INFORMATION SHOWN section start
lemma presents_hom: "X \<in> Ob C \<Longrightarrow> \<pi> X \<in> hom (homgrp C X D) (FO X)"
  and presents_surj: "X \<in> Ob C \<Longrightarrow> \<pi> X ` Hom C X D = carrier (FO X)"
  and presents_kernel: "X \<in> Ob C \<Longrightarrow> {h \<in> Hom C X D. \<pi> X h = \<one>\<^bsub>FO X\<^esub>} = (\<lambda>k. v \<circ>\<^sub>C k) ` Hom C X B"
  and presents_natural: "f \<in> Hom C X Y \<Longrightarrow> h \<in> Hom C Y D \<Longrightarrow> \<pi> X (h \<circ>\<^sub>C f) = FM f (\<pi> Y h)"
  using presents unfolding presents_def by auto

lemma presents_eq_one_iff: "h \<in> Hom C X D \<Longrightarrow> \<pi> X h = \<one>\<^bsub>FO X\<^esub> \<longleftrightarrow> (\<exists>k \<in> Hom C X B. h = v \<circ>\<^sub>C k)"
  using presents_kernel[OF hom_dom] by blast

lemma presents_in_carrier: "h \<in> Hom C X D \<Longrightarrow> \<pi> X h \<in> carrier (FO X)"
  using presents_surj[OF hom_dom] by blast

lemma presents_add: "h \<in> Hom C X D \<Longrightarrow> h' \<in> Hom C X D \<Longrightarrow> \<pi> X (h +\<^sub>C h') = \<pi> X h \<otimes>\<^bsub>FO X\<^esub> \<pi> X h'"
  using presents_hom[OF hom_dom] unfolding hom_def homgrp_def by simp

lemma presents_eq_iff:
  assumes h: "h \<in> Hom C X D" and h': "h' \<in> Hom C X D"
  shows "\<pi> X h = \<pi> X h' \<longleftrightarrow> \<pi> X (h +\<^sub>C neg X D h') = \<one>\<^bsub>FO X\<^esub>"
proof -
  have X: "X \<in> Ob C" using h hom_dom by blast
  interpret F: comm_group "FO X" using functor_group[OF X] .
  have "\<pi> X (h +\<^sub>C neg X D h') \<otimes>\<^bsub>FO X\<^esub> \<pi> X h' = \<pi> X h"
    using presents_add[OF add_in_hom[OF h neg_in_hom[OF h']] h'] add_assoc[OF h neg_in_hom[OF h'] h']
      neg_add[OF h'] add_zero[OF h] by simp
  then show ?thesis
    using presents_in_carrier h h' add_in_hom neg_in_hom by (metis F.l_one F.r_cancel_one)
qed

end

locale two_presentations = triangulated_category C +
  T: presentation C A B D u v w FO FM \<pi> + T': presentation C A' B' D' u' v' w' FO FM \<pi>'
  for C :: "('o, 'm, 'e) tcat_scheme" and A B D u v w A' B' D' u' v' w'
    and FO :: "'o \<Rightarrow> 'x monoid" and FM \<pi> \<pi>'
begin

text \<open>Yoneda: c is any preimage under \<pi>' of the element \<pi>(id) of F(D).\<close>
lemma comparison_exists:
  obtains c where "c \<in> Hom C D D'" "\<And>X \<gamma>. \<gamma> \<in> Hom C X D \<Longrightarrow> \<pi>' X (c \<circ>\<^sub>C \<gamma>) = \<pi> X \<gamma>"
proof -
  have "\<pi> D (idm C D) \<in> carrier (FO D)" using T.presents_in_carrier id_in_hom T.obs by blast
  then obtain c where c: "c \<in> Hom C D D'" "\<pi>' D c = \<pi> D (idm C D)"
    using T'.presents_surj[OF T.obs(3)] by (metis imageE)
  have "\<pi>' X (c \<circ>\<^sub>C \<gamma>) = \<pi> X \<gamma>" if \<gamma>: "\<gamma> \<in> Hom C X D" for X \<gamma>
    using T'.presents_natural[OF \<gamma> c(1)] T.presents_natural[OF \<gamma> id_in_hom[OF T.obs(3)]]
      comp_id_left[OF \<gamma>] c(2) by simp
  then show ?thesis using that c(1) by blast
qed

lemma comparison_lift:
  assumes c: "c \<in> Hom C D D'" and c\<pi>: "\<And>X \<gamma>. \<gamma> \<in> Hom C X D \<Longrightarrow> \<pi>' X (c \<circ>\<^sub>C \<gamma>) = \<pi> X \<gamma>"
  obtains b where "b \<in> Hom C B B'" "c \<circ>\<^sub>C v = v' \<circ>\<^sub>C b"
proof -
  have "\<pi>' B (c \<circ>\<^sub>C v) = \<pi> B (v \<circ>\<^sub>C idm C B)" using c\<pi>[OF T.homs(2)] comp_id_right[OF T.homs(2)] by simp
  also have "\<dots> = \<one>\<^bsub>FO B\<^esub>"
    using T.presents_eq_one_iff comp_in_hom id_in_hom T.obs T.homs by blast
  finally show ?thesis using that T'.presents_eq_one_iff comp_in_hom[OF T.homs(2) c] by blast
qed

lemma comparison_homotopy:
  assumes c: "c \<in> Hom C D D'" and c\<pi>: "\<And>X \<gamma>. \<gamma> \<in> Hom C X D \<Longrightarrow> \<pi>' X (c \<circ>\<^sub>C \<gamma>) = \<pi> X \<gamma>"
    and c': "c' \<in> Hom C D' D" and c'\<pi>: "\<And>X \<gamma>. \<gamma> \<in> Hom C X D' \<Longrightarrow> \<pi> X (c' \<circ>\<^sub>C \<gamma>) = \<pi>' X \<gamma>"
  obtains h where "h \<in> Hom C D B" "idm C D = c' \<circ>\<^sub>C c +\<^sub>C v \<circ>\<^sub>C h"
proof -
  have i: "idm C D \<in> Hom C D D" and c'c: "c' \<circ>\<^sub>C c \<in> Hom C D D"
    using id_in_hom T.obs comp_in_hom c c' by blast+
  have "\<pi> D (idm C D) = \<pi> D (c' \<circ>\<^sub>C c)"
    using c\<pi>[OF i] c'\<pi>[OF c] comp_id_right[OF c] by simp
  then obtain h where h: "h \<in> Hom C D B" "idm C D +\<^sub>C neg D D (c' \<circ>\<^sub>C c) = v \<circ>\<^sub>C h"
    using T.presents_eq_iff[OF i c'c] T.presents_eq_one_iff add_in_hom[OF i neg_in_hom[OF c'c]] by blast
  then show ?thesis using that add_neg_eq_iff[OF i c'c comp_in_hom[OF h(1) T.homs(2)]] by blast
qed

end

text \<open>The lemmas named complex_exact_at state exactness on Hom(X, -) of the sequence
  0 \<rightarrow> A \<rightarrow> B \<oplus> A' \<rightarrow> D \<oplus> B' \<rightarrow> D' \<rightarrow> 0 with differentials (u, a), [[v, 0], [b, -u']] and
  (c, -v'), at the indicated term.\<close>

locale triangle_comparison = two_presentations +
  fixes a b c b' c' h h'
  assumes a: "a \<in> Hom C A A'" and b: "b \<in> Hom C B B'" and c: "c \<in> Hom C D D'"
    and b': "b' \<in> Hom C B' B" and c': "c' \<in> Hom C D' D"
    and h: "h \<in> Hom C D B" and h': "h' \<in> Hom C D' B'"
    and bu: "b \<circ>\<^sub>C u = u' \<circ>\<^sub>C a" and cv: "c \<circ>\<^sub>C v = v' \<circ>\<^sub>C b" and aw: "shM C a \<circ>\<^sub>C w = w' \<circ>\<^sub>C c"
    and c'v': "c' \<circ>\<^sub>C v' = v \<circ>\<^sub>C b'"
    and homotopy: "idm C D = c' \<circ>\<^sub>C c +\<^sub>C v \<circ>\<^sub>C h"
    and homotopy': "idm C D' = c \<circ>\<^sub>C c' +\<^sub>C v' \<circ>\<^sub>C h'"
    and c_presents: "\<And>X \<gamma>. \<gamma> \<in> Hom C X D \<Longrightarrow> \<pi>' X (c \<circ>\<^sub>C \<gamma>) = \<pi> X \<gamma>"
begin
INFORMATION SHOWN section end
TASK
From the entries above, give again exactly the lines running from the line with "using T'.presents_surj[OF T.obs(3)]" to the line with "comp_id_left[OF \<gamma>] c(2) by simp"; include both of those lines.

THE ANSWER
    using T'.presents_surj[OF T.obs(3)] by (metis imageE)
  have "\<pi>' X (c \<circ>\<^sub>C \<gamma>) = \<pi> X \<gamma>" if \<gamma>: "\<gamma> \<in> Hom C X D" for X \<gamma>
    using T'.presents_natural[OF \<gamma> c(1)] T.presents_natural[OF \<gamma> id_in_hom[OF T.obs(3)]]
      comp_id_left[OF \<gamma>] c(2) by simp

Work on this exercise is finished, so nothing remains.